◆ Task objective
What appears from the first line of the records below through the line containing "continuation_domain_def by auto" must be reproduced verbatim.

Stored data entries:
____
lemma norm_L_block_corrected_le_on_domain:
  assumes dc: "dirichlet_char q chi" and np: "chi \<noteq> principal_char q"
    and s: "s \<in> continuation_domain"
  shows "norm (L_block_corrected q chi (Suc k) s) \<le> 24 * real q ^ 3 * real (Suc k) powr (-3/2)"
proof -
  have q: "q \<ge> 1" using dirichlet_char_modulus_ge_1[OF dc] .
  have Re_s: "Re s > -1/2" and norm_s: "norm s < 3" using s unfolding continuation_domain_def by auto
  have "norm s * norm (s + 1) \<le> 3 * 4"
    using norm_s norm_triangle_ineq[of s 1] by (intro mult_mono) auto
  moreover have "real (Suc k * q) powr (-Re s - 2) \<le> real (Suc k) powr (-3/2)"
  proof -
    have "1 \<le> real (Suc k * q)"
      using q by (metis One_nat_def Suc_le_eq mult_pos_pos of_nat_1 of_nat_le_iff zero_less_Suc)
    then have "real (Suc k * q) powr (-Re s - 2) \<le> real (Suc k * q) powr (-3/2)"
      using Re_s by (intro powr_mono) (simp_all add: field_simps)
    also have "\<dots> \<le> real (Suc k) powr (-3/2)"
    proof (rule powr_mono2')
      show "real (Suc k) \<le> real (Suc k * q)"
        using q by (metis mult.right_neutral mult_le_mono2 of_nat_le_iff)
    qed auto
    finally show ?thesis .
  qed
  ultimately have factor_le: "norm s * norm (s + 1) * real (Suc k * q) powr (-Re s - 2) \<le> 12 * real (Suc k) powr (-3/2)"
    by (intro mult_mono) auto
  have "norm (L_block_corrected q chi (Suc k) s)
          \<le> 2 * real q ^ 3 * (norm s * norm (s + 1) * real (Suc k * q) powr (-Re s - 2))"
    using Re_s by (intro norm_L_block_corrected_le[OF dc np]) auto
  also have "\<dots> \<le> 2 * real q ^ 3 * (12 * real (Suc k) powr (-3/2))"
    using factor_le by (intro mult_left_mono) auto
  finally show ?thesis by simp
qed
____
◆ Answer box
lemma norm_L_block_corrected_le_on_domain:
  assumes dc: "dirichlet_char q chi" and np: "chi \<noteq> principal_char q"
    and s: "s \<in> continuation_domain"
  shows "norm (L_block_corrected q chi (Suc k) s) \<le> 24 * real q ^ 3 * real (Suc k) powr (-3/2)"
proof -
  have q: "q \<ge> 1" using dirichlet_char_modulus_ge_1[OF dc] .
  have Re_s: "Re s > -1/2" and norm_s: "norm s < 3" using s unfolding continuation_domain_def by auto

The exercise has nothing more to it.